Personal information
- Full name: Abdul-Fatai Alashe
- Date of birth: August 21, 1993 (age 32)
- Place of birth: Southfield, Michigan, United States
- Height: 1.83 m (6 ft 0 in)
- Position: Midfielder

Youth career
- 2008–2011: Vardar SC

College career
- Years: Team / Apps / (Gls)
- 2011–2014: Michigan State Spartans / 86 / (8)

Senior career*
- Years: Team / Apps / (Gls)
- 2013: Reading United / 9 / (1)
- 2014: Portland Timbers U23s / 11 / (2)
- 2015–2018: San Jose Earthquakes / 85 / (5)
- 2017: → Reno 1868 (loan) / 2 / (0)
- 2018: → FC Cincinnati (loan) / 7 / (1)
- 2019–2020: FC Cincinnati / 14 / (1)
- 2020: Columbus Crew / 8 / (1)
- 2021: Sacramento Republic / 13 / (0)

International career^{‡}
- 2015–2016: United States U23 / 12 / (2)

= Fatai Alashe =

American soccer player (born 1993)

Abdul-Fatai Alashe (born August 21, 1993) is an American professional soccer player.

==Career==
===College and amateur===
Alashe spent all four years of his college career at Michigan State University where he made a total of 86 appearances for the Spartans and tallied eight goals and eight assists.

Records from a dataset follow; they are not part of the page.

lemma psd_eq_partial_sum_outer_plus_psd:
  assumes "psd X" and "finite S"
  shows "\<exists>b R. X = (\<Sum>k\<in>S. outer (b k)) + R \<and> psd R \<and> (\<forall>i\<in>S. R $ i $ i = 0)"
  using assms(2)
proof (induction S rule: finite_induct)
  case empty
  show ?case using assms(1) by (intro exI[of _ "\<lambda>_. 0"] exI[of _ X]) simp
next
  case (insert j S)
  then obtain b R where X: "X = (\<Sum>k\<in>S. outer (b k)) + R" and R: "psd R"
    and diag: "\<forall>i\<in>S. R $ i $ i = 0"
    by blast
  have split: "(\<Sum>k\<in>insert j S. outer ((b(j := c)) k)) = outer c + (\<Sum>k\<in>S. outer (b k))" for c
  proof -
    have "(\<Sum>k\<in>S. outer ((b(j := c)) k)) = (\<Sum>k\<in>S. outer (b k))"
      using insert(2) by (intro sum.cong) auto
    then show ?thesis using insert(1,2) by simp
  qed
  define r where "r = Re (R $ j $ j)"
  have Rjj: "R $ j $ j = of_real r"
    using psd_qform_real[OF R, of "axis j 1"] by (simp only: qform_axis r_def)
  have "0 \<le> r"
    using R unfolding psd_def r_def by (metis qform_axis)
  show ?case
  proof (cases "r = 0")
    case True
    then have "X = (\<Sum>k\<in>insert j S. outer ((b(j := 0)) k)) + R"
      unfolding split using X by simp
    then show ?thesis
      using R diag Rjj True by (intro exI[of _ "b(j := 0)"] exI[of _ R]) simp
  next
    case False
    with \<open>0 \<le> r\<close> have "0 < r" by simp
    define c where "c = of_real (1 / sqrt r) *s column j R"
    note step = psd_minus_outer_column[OF R Rjj \<open>0 < r\<close>, folded c_def]
    have "X = (\<Sum>k\<in>insert j S. outer ((b(j := c)) k)) + (R - outer c)"
      unfolding split using X by simp
    moreover have "\<forall>i\<in>insert j S. (R - outer c) $ i $ i = 0"
      using step(2,3) diag by simp
    ultimately show ?thesis
      using step(1) by (intro exI[of _ "b(j := c)"] exI[of _ "R - outer c"]) simp
  qed
qed

lemma psd_eq_sum_outer:
  fixes X :: "complex^'n^'n"
  assumes "psd X"
  obtains b :: "'n \<Rightarrow> complex^'n" where "X = (\<Sum>k\<in>UNIV. outer (b k))"
proof -
  obtain b :: "'n \<Rightarrow> complex^'n" and R where X: "X = (\<Sum>k\<in>UNIV. outer (b k)) + R"
    and R: "psd R" and diag: "\<forall>i. R $ i $ i = 0"
    using psd_eq_partial_sum_outer_plus_psd[OF assms finite] by blast
  have "R = 0" using psd_diag_eq_0_imp_column_eq_0[OF R] diag by (simp add: vec_eq_iff)
  with X show thesis by (intro that) simp
qed

lemma qform_add_kernel:
  assumes "hermitian_mat A" and "A *v q = 0"
  shows "qform A (q + p) = qform A p"
proof -
  have "sesq_form A q q = 0" and "sesq_form A p q = 0"
    using assms(2) by (simp_all add: sesq_form_eq_cinner)
  moreover have "sesq_form A q p = 0"
    using sesq_form_swap[OF assms(1), of p q] calculation by simp
  ultimately show ?thesis
    by (simp add: qform_eq_sesq_form sesq_form_add_left sesq_form_add_right)
qed

lemma loewner_le_imp_ker_subset:
  assumes "psd H" and "loewner_le H F"
  shows "ker_mat F \<subseteq> ker_mat H"
proof
  fix q assume "q \<in> ker_mat F"
  then have "qform F q = 0"
    by (simp add: ker_mat_def qform_eq_sesq_form sesq_form_eq_cinner)
  moreover have "0 \<le> Re (qform (F - H) q)" and "0 \<le> Re (qform H q)"
    using assms by (simp_all add: loewner_le_def psd_def)
  ultimately have "qform H q = 0"
    using psd_qform_real[OF assms(1), of q] by (simp add: qform_diff)
  then show "q \<in> ker_mat H"
    using psd_qform_eq_0_imp_kernel[OF assms(1)] by (simp add: ker_mat_def)
qed

lemma subspace_ker_mat: "subspace (ker_mat (A :: complex^'n^'n))"
proof -
  have "A *v (r *\<^sub>R x) = r *\<^sub>R (A *v x)" for r x
    by (simp add: vec_eq_iff matrix_vector_mult_def scaleR_sum_right)
  then show ?thesis
    by (auto simp: subspace_def ker_mat_def matrix_vector_right_distrib)
qed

He also played in the Premier Development League for Reading United and Portland Timbers U23s.

===Professional===
On January 15, 2015, Alashe was drafted 4th overall in the 2015 MLS SuperDraft by the San Jose Earthquakes. He made his debut on March 7 in a 1–0 defeat to FC Dallas, and scored the first league goal in Avaya Stadium history two weeks later in a 2–1 win over the visiting Chicago Fire.

On July 30, 2018, Alashe signed a deal to join FC Cincinnati on loan from San Jose for the remainder of the 2018 season, then joining the team permanently for the 2019 season for $135,000 in allocation money.

On August 17, 2020, Alashe was traded to Ohio rivals Columbus Crew in exchange for a 2nd-round pick in the 2021 MLS SuperDraft, and potentially a conditional $50,000 of General Allocation Money depending on performance. Columbus declined their contract option on Alashe following their 2020 season.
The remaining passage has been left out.